lemma perm_invariant_matrix_inv:
  fixes K :: "'a::semiring_1^'n::finite^'n"
  assumes p: "bij p" and K: "invertible K" and "perm_invariant p K"
  shows "perm_invariant p (matrix_inv K)"
proof -
  define Y where "Y = (\<chi> a b. matrix_inv K $ p a $ p b)"
  have "(K ** Y) $ a $ c = mat 1 $ a $ c" for a c
  proof -
    have "(K ** Y) $ a $ c = (\<Sum>b\<in>UNIV. K $ p a $ p b * matrix_inv K $ p b $ p c)"
      using \<open>perm_invariant p K\<close> by (simp add: matrix_matrix_mult_def Y_def perm_invariant_def)
    also have "\<dots> = (K ** matrix_inv K) $ p a $ p c"
      using sum_UNIV_reindex_bij[OF p, of "\<lambda>b. K $ p a $ b * matrix_inv K $ b $ p c"]
      by (simp add: matrix_matrix_mult_def)
    also have "\<dots> = mat 1 $ a $ c"
      using matrix_inv_mult(1)[OF K] p by (simp add: mat_def bij_is_inj inj_eq)
    finally show ?thesis .
  qed
  then have "K ** Y = mat 1" by (simp add: vec_eq_iff)
  then have "matrix_inv K = Y"
    by (metis matrix_inv_mult(2)[OF K] matrix_mul_assoc matrix_mul_lid matrix_mul_rid)
  then show ?thesis
    unfolding perm_invariant_def Y_def by (metis vec_lambda_beta)
qed

subsection \<open>Graph automorphisms and the Laplacian\<close>

lemma simple_graph_loopless: "simple_graph src tgt \<Longrightarrow> src e \<noteq> tgt e"
  unfolding simple_graph_def by blast

lemma graph_automorphism_bij: "graph_automorphism src tgt p \<Longrightarrow> bij p"
  unfolding graph_automorphism_def by blast

lemma laplacian_nth:
  "laplacian src tgt w $ a $ b = w * (\<Sum>e\<in>UNIV. incidence src tgt $ a $ e * incidence src tgt $ b $ e)"
proof -
  have "laplacian src tgt w = w *\<^sub>R (incidence src tgt ** transpose (incidence src tgt))"
    unfolding laplacian_def Wmat_def by (simp add: matrix_scalar_ac scalar_matrix_assoc[symmetric])
  then show ?thesis by (simp add: matrix_matrix_mult_def transpose_def)
qed

lemma laplacian_symmetric: "laplacian src tgt w $ a $ b = laplacian src tgt w $ b $ a"
  unfolding laplacian_nth by (simp add: mult.commute)

lemma incidence_column_sum:
  assumes "src e \<noteq> tgt e"
  shows "(\<Sum>b\<in>UNIV. incidence src tgt $ b $ e) = 0"
proof -
  have "incidence src tgt $ b $ e = (if b = src e then 1 else 0) - (if b = tgt e then 1 else 0)" for b
    using assms unfolding incidence_def by auto
  then show ?thesis by (simp add: sum_subtractf)
qed

lemma laplacian_row_sum:
  assumes "\<And>e. src e \<noteq> tgt e"
  shows "(\<Sum>b\<in>UNIV. laplacian src tgt w $ a $ b) = 0"
proof -
  have "(\<Sum>b\<in>UNIV. laplacian src tgt w $ a $ b)
      = w * (\<Sum>b\<in>UNIV. \<Sum>e\<in>UNIV. incidence src tgt $ a $ e * incidence src tgt $ b $ e)"
    unfolding laplacian_nth by (simp add: sum_distrib_left)
  also have "\<dots> = w * (\<Sum>e\<in>UNIV. incidence src tgt $ a $ e * (\<Sum>b\<in>UNIV. incidence src tgt $ b $ e))"
    by (subst sum.swap) (simp add: sum_distrib_left)
  also have "\<dots> = 0"
    by (simp add: incidence_column_sum assms)
  finally show ?thesis .
qed

lemma laplacian_diag:
  assumes "\<And>e. src e \<noteq> tgt e"
  shows "laplacian src tgt w $ a $ a = - (\<Sum>b\<in>UNIV - {a}. laplacian src tgt w $ a $ b)"
  using laplacian_row_sum[of src tgt w a, OF assms] sum.remove[of UNIV a "\<lambda>b. laplacian src tgt w $ a $ b"]
  by simp

lemma laplacian_offdiag:
  assumes sg: "simple_graph src tgt" and "a \<noteq> b"
  shows "laplacian src tgt w $ a $ b = (if adj src tgt a b then - w else 0)"
proof -
  have inc: "incidence src tgt $ a $ e * incidence src tgt $ b $ e = (if {src e, tgt e} = {a, b} then -1 else 0)" for e
    using assms unfolding simple_graph_def incidence_def by (auto simp: doubleton_eq_iff)
  show ?thesis
  proof (cases "adj src tgt a b")
    case True
    then obtain e\<^sub>0 where e\<^sub>0: "{src e\<^sub>0, tgt e\<^sub>0} = {a, b}" unfolding adj_def by blast
    then have "{src e, tgt e} = {a, b} \<longleftrightarrow> e = e\<^sub>0" for e
      using sg unfolding simple_graph_def by metis
    then show ?thesis using True unfolding laplacian_nth inc by simp
  next
    case False
    then show ?thesis unfolding laplacian_nth inc adj_def by simp
  qed
qed

lemma perm_invariant_laplacian:
  assumes sg: "simple_graph src tgt" and "graph_automorphism src tgt p"
  shows "perm_invariant p (laplacian src tgt w)"
proof -
  let ?L = "laplacian src tgt w"
  have bp: "bij p" and adj: "\<And>u v. adj src tgt (p u) (p v) \<longleftrightarrow> adj src tgt u v"
    using assms(2) unfolding graph_automorphism_def by auto
  then have inj: "inj p" by (simp add: bij_is_inj)
  have offdiag: "?L $ p a $ p b = ?L $ a $ b" if "a \<noteq> b" for a b
    using that inj by (simp add: laplacian_offdiag[OF sg] adj inj_eq)
  have "?L $ p a $ p a = ?L $ a $ a" for a
  proof -
    have "p ` (UNIV - {a}) = UNIV - {p a}"
      using bp by (simp add: image_set_diff inj bij_is_surj)
    then have "(\<Sum>b\<in>UNIV - {p a}. ?L $ p a $ b) = (\<Sum>b\<in>UNIV - {a}. ?L $ p a $ p b)"
      using sum.reindex[OF inj_on_subset[OF inj], of "UNIV - {a}" "\<lambda>b. ?L $ p a $ b"] by simp
    also have "\<dots> = (\<Sum>b\<in>UNIV - {a}. ?L $ a $ b)"
      by (rule sum.cong) (auto intro: offdiag)
    finally show ?thesis
      by (simp only: laplacian_diag[OF simple_graph_loopless[OF sg]])
  qed
  with offdiag show ?thesis
    unfolding perm_invariant_def by metis
qed

lemma perm_invariant_B_agent:
  assumes "simple_graph src tgt" and "graph_automorphism src tgt p"
  shows "perm_invariant p (B_agent src tgt w nz)"
proof -
  have inj: "inj p" using graph_automorphism_bij[OF assms(2)] by (rule bij_is_inj)
  note L = perm_invariant_laplacian[OF assms]
  have D: "perm_invariant p (degree_mat src tgt w)"
    unfolding degree_mat_def by (rule perm_invariant_diag[OF inj L])
  show ?thesis
    by (cases nz) (simp_all add: B_agent_def adjacency_mat_def perm_invariant_mat[OF inj] L D perm_invariant_diff)
qed

lemma perm_invariant_centered_resolvent:
  assumes "simple_graph src tgt" and "graph_automorphism src tgt p"
    and "invertible (freq_matrix (laplacian src tgt w) tau \<omega>)"
  shows "perm_invariant p (centered_resolvent (laplacian src tgt w) tau \<omega>)"
proof -
  have bp: "bij p" by (rule graph_automorphism_bij[OF assms(2)])
  then show ?thesis
    unfolding centered_resolvent_def
    by (intro perm_invariant_mult perm_invariant_cmat perm_invariant_centering perm_invariant_matrix_inv
        perm_invariant_freq_matrix perm_invariant_laplacian assms bij_is_inj)
qed

lemma column_energy_agent_automorphism:
  assumes "simple_graph src tgt" and "graph_automorphism src tgt p"
    and "invertible (freq_matrix (laplacian src tgt w) tau \<omega>)"
  shows "column_energy (laplacian src tgt w) (B_agent src tgt w nz) tau \<omega> (p k)
       = column_energy (laplacian src tgt w) (B_agent src tgt w nz) tau \<omega> k"
proof -
  let ?X = "unweighted_transfer (laplacian src tgt w) (B_agent src tgt w nz) tau \<omega>"
  have bp: "bij p" by (rule graph_automorphism_bij[OF assms(2)])
  have "perm_invariant p ?X"
    unfolding unweighted_transfer_def
    by (intro perm_invariant_mult[OF bp] perm_invariant_centered_resolvent perm_invariant_cmat
        perm_invariant_B_agent assms)
  then show ?thesis
    unfolding column_energy_def perm_invariant_def
    using sum_UNIV_reindex_bij[OF bp, of "\<lambda>a. (cmod (?X $ a $ p k))\<^sup>2"] by simp
qed

lemma B_link_eq_scaleR_incidence:
  "B_link src tgt w nz = (case nz of Communication \<Rightarrow> w | Measurement \<Rightarrow> -1) *\<^sub>R incidence src tgt"
  unfolding B_link_def Wmat_def by (cases nz) (simp_all add: matrix_scalar_ac)

lemma cmat_scaleR: "cmat (c *\<^sub>R A) = c *\<^sub>R cmat A"
  unfolding cmat_def by (simp add: vec_eq_iff of_real_def)

lemma matrix_mult_cmat_incidence_nth:
  assumes "src e \<noteq> tgt e"
  shows "(Y ** cmat (incidence src tgt)) $ a $ e = Y $ a $ src e - Y $ a $ tgt e"
proof -
  have "Y $ a $ b * cmat (incidence src tgt) $ b $ e
      = (if b = src e then Y $ a $ b else 0) - (if b = tgt e then Y $ a $ b else 0)" for b
    using assms unfolding cmat_def incidence_def by auto
  then show ?thesis
    unfolding matrix_matrix_mult_def by (simp add: sum_subtractf)
qed

lemma column_energy_link:
  assumes "src e \<noteq> tgt e"
  shows "column_energy (laplacian src tgt w) (B_link src tgt w nz) tau \<omega> e
    = (case nz of Communication \<Rightarrow> w | Measurement \<Rightarrow> -1)\<^sup>2 *
      (\<Sum>a\<in>UNIV. (cmod (centered_resolvent (laplacian src tgt w) tau \<omega> $ a $ src e
                        - centered_resolvent (laplacian src tgt w) tau \<omega> $ a $ tgt e))\<^sup>2)"
  using assms
  unfolding column_energy_def unweighted_transfer_def B_link_eq_scaleR_incidence cmat_scaleR
    matrix_scalar_ac
  by (simp add: matrix_mult_cmat_incidence_nth scaleR_right_diff_distrib[symmetric] power_mult_distrib
      sum_distrib_left)

lemma column_energy_link_automorphism:
  assumes sg: "simple_graph src tgt" and ga: "graph_automorphism src tgt p"
    and "invertible (freq_matrix (laplacian src tgt w) tau \<omega>)"
    and "p ` {src e, tgt e} = {src f, tgt f}"
  shows "column_energy (laplacian src tgt w) (B_link src tgt w nz) tau \<omega> f
       = column_energy (laplacian src tgt w) (B_link src tgt w nz) tau \<omega> e"
proof -
  let ?Y = "centered_resolvent (laplacian src tgt w) tau \<omega>"
  define D where "D u v = (\<Sum>a\<in>UNIV. (cmod (?Y $ a $ u - ?Y $ a $ v))\<^sup>2)" for u v
  have bp: "bij p" by (rule graph_automorphism_bij[OF ga])
  have "perm_invariant p ?Y"
    by (rule perm_invariant_centered_resolvent[OF sg ga assms(3)])
  then have D_perm: "D (p u) (p v) = D u v" for u v
    unfolding D_def perm_invariant_def
    using sum_UNIV_reindex_bij[OF bp, of "\<lambda>a. (cmod (?Y $ a $ p u - ?Y $ a $ p v))\<^sup>2"] by simp
  have D_sym: "D u v = D v u" for u v
    unfolding D_def by (simp add: norm_minus_commute)
  have "{p (src e), p (tgt e)} = {src f, tgt f}" using assms(4) by simp
  then have "D (src f) (tgt f) = D (src e) (tgt e)"
    by (metis D_perm D_sym doubleton_eq_iff)
  moreover have "src e \<noteq> tgt e" "src f \<noteq> tgt f"
    using sg by (simp_all add: simple_graph_loopless)
  ultimately show ?thesis
    by (simp add: column_energy_link D_def)
qed

lemma column_energy_agent_eq_if_vertex_transitive:
  assumes "simple_graph src tgt" and "vertex_transitive src tgt"
    and "invertible (freq_matrix (laplacian src tgt w) tau \<omega>)"
  shows "column_energy (laplacian src tgt w) (B_agent src tgt w nz) tau \<omega> k
       = column_energy (laplacian src tgt w) (B_agent src tgt w nz) tau \<omega> i"
proof -
  obtain p where "graph_automorphism src tgt p" and "p i = k"
    using assms(2) unfolding vertex_transitive_def by blast
  then show ?thesis
    using column_energy_agent_automorphism[OF assms(1) _ assms(3)] by metis
qed

lemma column_energy_link_eq_if_edge_transitive:
  assumes "simple_graph src tgt" and "edge_transitive src tgt"
    and "invertible (freq_matrix (laplacian src tgt w) tau \<omega>)"
  shows "column_energy (laplacian src tgt w) (B_link src tgt w nz) tau \<omega> f
       = column_energy (laplacian src tgt w) (B_link src tgt w nz) tau \<omega> e"
proof -
  obtain p where "graph_automorphism src tgt p" and "p ` {src e, tgt e} = {src f, tgt f}"
    using assms(2) unfolding edge_transitive_def by blast
  then show ?thesis
    using column_energy_link_automorphism[OF assms(1) _ assms(3)] by metis
qed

= = = = = = =

Read through the data above. Report each line that has the word "Longrightarrow".

* _Result of the exercise_
lemma simple_graph_loopless: "simple_graph src tgt \<Longrightarrow> src e \<noteq> tgt e"
lemma graph_automorphism_bij: "graph_automorphism src tgt p \<Longrightarrow> bij p"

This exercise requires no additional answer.